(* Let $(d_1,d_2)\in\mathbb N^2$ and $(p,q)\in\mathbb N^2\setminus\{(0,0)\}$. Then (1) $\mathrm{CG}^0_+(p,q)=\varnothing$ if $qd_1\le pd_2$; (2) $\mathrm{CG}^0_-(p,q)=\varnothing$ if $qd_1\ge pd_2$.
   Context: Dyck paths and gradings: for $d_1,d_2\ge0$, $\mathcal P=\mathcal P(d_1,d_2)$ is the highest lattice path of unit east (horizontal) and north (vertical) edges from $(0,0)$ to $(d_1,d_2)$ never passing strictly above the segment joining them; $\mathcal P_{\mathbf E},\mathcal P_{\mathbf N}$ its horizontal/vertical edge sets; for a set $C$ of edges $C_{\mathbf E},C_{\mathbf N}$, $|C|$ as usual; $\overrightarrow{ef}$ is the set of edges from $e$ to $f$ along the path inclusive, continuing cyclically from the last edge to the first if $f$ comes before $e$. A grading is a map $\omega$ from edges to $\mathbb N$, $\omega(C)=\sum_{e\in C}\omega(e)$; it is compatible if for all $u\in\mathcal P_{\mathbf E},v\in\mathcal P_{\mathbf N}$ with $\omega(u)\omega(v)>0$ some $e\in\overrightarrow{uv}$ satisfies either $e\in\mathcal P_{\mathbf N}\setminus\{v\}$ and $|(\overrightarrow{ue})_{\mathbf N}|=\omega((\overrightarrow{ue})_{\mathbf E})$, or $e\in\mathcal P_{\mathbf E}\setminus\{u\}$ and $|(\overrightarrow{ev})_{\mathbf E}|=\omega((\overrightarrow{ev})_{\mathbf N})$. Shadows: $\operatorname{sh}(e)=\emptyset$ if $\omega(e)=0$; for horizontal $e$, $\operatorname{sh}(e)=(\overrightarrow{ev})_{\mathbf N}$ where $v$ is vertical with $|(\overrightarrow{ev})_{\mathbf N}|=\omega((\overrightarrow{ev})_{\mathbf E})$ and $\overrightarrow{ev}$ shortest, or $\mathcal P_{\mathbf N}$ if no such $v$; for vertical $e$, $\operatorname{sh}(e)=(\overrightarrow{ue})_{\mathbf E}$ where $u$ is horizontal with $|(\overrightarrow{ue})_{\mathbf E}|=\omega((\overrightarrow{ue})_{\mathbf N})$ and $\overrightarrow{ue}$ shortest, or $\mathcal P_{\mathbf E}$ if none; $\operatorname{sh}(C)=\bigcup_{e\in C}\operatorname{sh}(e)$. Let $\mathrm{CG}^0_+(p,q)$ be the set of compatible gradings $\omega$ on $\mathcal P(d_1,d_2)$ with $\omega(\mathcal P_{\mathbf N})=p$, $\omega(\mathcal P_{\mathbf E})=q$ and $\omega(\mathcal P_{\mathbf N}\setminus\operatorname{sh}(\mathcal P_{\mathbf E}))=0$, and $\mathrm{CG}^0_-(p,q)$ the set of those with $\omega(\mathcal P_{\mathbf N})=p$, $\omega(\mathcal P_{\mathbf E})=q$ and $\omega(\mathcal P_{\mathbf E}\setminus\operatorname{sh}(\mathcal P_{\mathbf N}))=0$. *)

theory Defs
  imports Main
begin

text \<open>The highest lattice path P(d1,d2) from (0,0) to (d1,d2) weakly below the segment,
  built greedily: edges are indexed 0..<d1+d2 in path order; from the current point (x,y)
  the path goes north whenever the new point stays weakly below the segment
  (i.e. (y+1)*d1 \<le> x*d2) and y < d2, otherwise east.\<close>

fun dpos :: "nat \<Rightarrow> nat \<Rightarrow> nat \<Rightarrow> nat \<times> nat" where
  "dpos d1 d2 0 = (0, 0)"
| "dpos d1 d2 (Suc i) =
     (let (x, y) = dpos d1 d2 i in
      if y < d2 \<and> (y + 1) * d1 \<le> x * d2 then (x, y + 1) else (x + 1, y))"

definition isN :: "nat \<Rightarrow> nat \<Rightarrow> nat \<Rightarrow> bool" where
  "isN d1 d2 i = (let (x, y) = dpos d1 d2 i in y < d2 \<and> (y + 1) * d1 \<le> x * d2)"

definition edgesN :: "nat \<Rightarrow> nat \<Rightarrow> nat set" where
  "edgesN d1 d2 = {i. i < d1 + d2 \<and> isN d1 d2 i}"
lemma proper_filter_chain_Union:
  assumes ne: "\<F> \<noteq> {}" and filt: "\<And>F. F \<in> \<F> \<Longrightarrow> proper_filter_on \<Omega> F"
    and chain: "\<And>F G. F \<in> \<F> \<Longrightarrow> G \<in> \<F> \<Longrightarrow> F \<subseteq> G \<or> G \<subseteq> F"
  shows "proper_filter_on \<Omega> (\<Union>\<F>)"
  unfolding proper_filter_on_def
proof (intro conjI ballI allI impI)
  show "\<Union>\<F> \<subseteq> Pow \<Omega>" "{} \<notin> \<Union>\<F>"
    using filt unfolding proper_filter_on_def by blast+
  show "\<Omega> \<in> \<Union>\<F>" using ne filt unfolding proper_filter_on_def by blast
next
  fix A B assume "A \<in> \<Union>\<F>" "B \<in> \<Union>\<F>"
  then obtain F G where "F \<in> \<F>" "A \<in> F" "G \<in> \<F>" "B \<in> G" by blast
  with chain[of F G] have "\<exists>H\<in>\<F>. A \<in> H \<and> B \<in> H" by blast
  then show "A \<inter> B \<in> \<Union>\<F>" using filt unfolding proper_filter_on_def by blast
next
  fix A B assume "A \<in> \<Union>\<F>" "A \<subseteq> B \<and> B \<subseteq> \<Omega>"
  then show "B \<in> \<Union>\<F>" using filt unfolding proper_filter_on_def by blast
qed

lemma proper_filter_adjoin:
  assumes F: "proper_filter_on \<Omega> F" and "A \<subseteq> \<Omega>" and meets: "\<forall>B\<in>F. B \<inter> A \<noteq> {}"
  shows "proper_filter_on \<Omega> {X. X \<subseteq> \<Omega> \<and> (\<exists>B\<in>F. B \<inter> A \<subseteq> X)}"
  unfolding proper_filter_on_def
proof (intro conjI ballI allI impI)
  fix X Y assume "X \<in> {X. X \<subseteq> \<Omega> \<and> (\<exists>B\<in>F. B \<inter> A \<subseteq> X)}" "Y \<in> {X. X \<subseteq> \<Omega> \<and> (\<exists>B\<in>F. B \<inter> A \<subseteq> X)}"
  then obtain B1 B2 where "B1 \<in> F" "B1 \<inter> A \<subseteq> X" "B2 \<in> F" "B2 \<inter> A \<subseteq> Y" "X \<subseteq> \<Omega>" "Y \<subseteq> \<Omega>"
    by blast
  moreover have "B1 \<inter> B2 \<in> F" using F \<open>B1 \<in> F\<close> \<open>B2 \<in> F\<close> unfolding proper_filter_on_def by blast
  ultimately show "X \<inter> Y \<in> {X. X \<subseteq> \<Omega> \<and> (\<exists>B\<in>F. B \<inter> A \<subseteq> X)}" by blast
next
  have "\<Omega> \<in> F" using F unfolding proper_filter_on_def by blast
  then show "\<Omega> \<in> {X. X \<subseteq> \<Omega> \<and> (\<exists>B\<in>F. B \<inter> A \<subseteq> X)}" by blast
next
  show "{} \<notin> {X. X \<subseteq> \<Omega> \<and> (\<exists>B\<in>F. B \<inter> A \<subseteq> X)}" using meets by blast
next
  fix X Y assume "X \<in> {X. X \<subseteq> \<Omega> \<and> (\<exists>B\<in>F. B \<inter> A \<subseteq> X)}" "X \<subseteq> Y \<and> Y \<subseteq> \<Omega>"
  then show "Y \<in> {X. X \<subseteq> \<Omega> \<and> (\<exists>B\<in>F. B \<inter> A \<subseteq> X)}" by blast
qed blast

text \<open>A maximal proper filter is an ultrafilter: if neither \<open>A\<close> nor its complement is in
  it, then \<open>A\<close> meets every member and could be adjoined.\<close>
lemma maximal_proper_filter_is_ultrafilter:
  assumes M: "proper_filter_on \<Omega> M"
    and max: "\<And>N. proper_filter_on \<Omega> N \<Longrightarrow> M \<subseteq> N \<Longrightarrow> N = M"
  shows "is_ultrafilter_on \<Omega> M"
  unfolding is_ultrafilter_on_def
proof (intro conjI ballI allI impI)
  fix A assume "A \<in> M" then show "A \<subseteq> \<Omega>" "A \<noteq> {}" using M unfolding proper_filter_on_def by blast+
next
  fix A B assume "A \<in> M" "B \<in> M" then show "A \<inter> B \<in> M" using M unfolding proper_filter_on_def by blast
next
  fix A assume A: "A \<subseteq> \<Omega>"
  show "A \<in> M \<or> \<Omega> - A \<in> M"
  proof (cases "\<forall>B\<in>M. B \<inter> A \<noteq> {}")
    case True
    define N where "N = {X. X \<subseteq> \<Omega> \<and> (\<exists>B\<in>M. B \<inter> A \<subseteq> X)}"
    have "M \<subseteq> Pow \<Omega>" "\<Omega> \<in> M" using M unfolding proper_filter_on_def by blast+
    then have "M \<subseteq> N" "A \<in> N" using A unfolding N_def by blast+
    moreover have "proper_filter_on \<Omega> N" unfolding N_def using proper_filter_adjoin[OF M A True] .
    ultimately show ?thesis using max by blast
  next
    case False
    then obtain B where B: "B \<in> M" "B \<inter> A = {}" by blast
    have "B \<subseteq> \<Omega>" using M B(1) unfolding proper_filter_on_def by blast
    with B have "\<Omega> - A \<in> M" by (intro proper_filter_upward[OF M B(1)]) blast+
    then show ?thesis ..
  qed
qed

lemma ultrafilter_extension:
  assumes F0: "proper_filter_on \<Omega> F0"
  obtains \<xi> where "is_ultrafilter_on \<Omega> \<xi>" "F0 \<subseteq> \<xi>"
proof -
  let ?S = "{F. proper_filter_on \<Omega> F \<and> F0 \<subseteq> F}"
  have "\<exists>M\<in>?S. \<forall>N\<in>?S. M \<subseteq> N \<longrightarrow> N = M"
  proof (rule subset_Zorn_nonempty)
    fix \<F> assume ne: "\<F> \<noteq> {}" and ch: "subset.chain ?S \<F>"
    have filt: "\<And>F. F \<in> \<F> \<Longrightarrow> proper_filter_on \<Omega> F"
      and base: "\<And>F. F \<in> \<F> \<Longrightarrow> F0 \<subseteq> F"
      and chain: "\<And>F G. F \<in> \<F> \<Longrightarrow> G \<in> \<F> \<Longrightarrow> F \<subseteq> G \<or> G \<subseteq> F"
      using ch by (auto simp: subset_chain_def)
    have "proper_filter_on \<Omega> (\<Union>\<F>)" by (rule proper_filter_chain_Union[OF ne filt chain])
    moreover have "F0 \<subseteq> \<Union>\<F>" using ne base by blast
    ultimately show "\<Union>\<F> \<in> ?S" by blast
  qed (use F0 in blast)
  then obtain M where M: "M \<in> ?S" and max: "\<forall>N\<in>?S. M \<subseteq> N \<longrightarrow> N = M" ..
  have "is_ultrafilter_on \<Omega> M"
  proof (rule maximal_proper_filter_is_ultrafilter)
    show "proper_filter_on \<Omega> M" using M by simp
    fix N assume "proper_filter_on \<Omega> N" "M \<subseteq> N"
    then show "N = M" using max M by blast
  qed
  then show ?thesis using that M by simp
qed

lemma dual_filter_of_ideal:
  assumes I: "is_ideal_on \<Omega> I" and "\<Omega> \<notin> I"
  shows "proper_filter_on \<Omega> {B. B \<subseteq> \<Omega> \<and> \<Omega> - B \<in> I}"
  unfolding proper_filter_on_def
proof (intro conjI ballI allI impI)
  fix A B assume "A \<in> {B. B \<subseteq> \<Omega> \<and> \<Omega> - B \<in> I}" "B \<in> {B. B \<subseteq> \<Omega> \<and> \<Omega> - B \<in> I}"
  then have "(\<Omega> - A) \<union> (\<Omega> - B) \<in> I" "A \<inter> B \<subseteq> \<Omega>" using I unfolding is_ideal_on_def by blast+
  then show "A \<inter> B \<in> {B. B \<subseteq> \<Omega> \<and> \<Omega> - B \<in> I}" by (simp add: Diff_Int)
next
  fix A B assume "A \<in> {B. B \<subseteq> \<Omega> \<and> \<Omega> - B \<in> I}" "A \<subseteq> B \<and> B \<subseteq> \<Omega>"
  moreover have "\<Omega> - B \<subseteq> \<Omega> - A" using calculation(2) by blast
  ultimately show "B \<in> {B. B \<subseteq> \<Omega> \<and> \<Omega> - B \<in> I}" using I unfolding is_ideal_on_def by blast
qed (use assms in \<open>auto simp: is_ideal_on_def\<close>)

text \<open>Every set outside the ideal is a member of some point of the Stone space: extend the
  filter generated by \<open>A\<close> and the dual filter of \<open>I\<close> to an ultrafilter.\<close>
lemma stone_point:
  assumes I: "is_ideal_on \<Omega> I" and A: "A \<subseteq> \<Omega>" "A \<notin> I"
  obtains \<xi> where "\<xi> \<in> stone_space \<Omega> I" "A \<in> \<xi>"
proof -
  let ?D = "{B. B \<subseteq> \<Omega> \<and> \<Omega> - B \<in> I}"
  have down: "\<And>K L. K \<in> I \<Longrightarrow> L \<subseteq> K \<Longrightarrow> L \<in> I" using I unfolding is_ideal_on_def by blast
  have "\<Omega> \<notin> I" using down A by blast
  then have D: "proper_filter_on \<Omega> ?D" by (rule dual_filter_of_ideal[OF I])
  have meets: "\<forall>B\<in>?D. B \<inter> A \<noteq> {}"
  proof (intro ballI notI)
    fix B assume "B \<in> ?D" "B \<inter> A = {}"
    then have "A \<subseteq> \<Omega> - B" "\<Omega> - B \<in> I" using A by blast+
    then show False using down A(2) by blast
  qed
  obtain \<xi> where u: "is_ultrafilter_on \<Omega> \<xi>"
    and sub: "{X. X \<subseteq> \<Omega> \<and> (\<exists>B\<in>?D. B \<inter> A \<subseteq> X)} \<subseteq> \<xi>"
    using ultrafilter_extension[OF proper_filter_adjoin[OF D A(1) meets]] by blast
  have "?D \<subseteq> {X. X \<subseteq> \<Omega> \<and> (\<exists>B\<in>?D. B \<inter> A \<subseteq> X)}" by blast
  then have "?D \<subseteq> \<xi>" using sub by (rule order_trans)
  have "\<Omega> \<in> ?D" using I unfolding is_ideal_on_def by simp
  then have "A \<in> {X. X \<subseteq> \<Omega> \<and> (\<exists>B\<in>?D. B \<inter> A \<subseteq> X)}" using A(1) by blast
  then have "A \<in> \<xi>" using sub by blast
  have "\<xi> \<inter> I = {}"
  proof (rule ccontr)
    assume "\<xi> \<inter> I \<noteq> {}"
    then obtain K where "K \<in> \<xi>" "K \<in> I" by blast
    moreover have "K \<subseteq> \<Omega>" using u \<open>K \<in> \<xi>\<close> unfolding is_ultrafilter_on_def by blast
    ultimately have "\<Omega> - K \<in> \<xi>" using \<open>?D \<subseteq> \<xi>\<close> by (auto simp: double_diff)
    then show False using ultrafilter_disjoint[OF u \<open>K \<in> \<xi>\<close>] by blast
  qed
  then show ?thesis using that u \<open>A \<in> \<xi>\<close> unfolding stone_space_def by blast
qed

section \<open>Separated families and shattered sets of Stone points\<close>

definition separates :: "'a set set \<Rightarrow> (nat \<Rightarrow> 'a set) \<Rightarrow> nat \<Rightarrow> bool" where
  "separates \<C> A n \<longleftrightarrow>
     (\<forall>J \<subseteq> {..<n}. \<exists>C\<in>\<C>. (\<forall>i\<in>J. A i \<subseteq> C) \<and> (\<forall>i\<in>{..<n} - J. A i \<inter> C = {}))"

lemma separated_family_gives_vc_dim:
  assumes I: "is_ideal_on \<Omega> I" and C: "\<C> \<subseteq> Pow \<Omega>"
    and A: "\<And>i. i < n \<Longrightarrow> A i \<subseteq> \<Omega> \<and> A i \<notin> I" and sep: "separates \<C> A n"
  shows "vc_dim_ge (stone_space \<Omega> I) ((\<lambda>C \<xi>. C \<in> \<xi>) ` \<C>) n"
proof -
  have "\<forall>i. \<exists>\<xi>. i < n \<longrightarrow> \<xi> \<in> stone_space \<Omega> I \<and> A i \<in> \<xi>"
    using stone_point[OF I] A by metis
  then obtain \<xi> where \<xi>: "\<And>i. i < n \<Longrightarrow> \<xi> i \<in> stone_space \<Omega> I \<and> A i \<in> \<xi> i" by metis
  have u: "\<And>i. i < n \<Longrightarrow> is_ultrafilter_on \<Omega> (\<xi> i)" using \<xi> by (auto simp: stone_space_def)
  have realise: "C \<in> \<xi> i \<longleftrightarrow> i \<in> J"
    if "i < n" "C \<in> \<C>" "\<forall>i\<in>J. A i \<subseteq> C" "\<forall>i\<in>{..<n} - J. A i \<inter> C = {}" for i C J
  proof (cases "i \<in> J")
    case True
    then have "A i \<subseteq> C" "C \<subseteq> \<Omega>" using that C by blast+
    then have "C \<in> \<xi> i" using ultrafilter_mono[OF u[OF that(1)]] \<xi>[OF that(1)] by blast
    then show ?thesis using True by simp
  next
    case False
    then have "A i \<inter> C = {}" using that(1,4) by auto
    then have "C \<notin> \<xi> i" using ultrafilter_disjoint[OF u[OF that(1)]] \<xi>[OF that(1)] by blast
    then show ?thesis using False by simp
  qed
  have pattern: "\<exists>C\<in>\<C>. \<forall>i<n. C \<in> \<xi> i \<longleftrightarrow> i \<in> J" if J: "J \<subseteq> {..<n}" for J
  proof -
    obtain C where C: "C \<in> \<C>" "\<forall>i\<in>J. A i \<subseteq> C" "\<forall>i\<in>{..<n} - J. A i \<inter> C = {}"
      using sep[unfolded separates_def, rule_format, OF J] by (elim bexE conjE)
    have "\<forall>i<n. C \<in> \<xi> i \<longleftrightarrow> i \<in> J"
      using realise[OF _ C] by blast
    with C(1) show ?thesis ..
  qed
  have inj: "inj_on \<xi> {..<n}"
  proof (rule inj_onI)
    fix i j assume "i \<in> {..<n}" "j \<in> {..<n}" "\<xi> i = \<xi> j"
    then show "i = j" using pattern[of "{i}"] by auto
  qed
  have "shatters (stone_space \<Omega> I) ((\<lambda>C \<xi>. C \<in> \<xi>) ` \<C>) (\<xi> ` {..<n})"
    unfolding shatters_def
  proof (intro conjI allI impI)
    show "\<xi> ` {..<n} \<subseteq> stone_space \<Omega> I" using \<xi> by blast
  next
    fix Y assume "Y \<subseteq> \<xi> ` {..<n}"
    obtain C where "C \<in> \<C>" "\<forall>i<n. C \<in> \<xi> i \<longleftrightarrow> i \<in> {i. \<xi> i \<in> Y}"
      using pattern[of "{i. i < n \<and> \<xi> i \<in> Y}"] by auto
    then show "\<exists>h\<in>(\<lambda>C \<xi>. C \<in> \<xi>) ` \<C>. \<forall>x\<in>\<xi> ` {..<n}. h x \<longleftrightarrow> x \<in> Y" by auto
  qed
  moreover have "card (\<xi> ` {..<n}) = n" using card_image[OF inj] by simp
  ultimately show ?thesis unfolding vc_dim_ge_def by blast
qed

════════════════════

- _YOUR INSTRUCTIONS_
Check the listing for the word "moreover". Show each line that has it.

- _RESULT OF THE EXERCISE_
  moreover have "B1 \<inter> B2 \<in> F" using F \<open>B1 \<in> F\<close> \<open>B2 \<in> F\<close> unfolding proper_filter_on_def by blast
    moreover have "proper_filter_on \<Omega> N" unfolding N_def using proper_filter_adjoin[OF M A True] .
    moreover have "F0 \<subseteq> \<Union>\<F>" using ne base by blast
  moreover have "\<Omega> - B \<subseteq> \<Omega> - A" using calculation(2) by blast
    moreover have "K \<subseteq> \<Omega>" using u \<open>K \<in> \<xi>\<close> unfolding is_ultrafilter_on_def by blast
  moreover have "card (\<xi> ` {..<n}) = n" using card_image[OF inj] by simp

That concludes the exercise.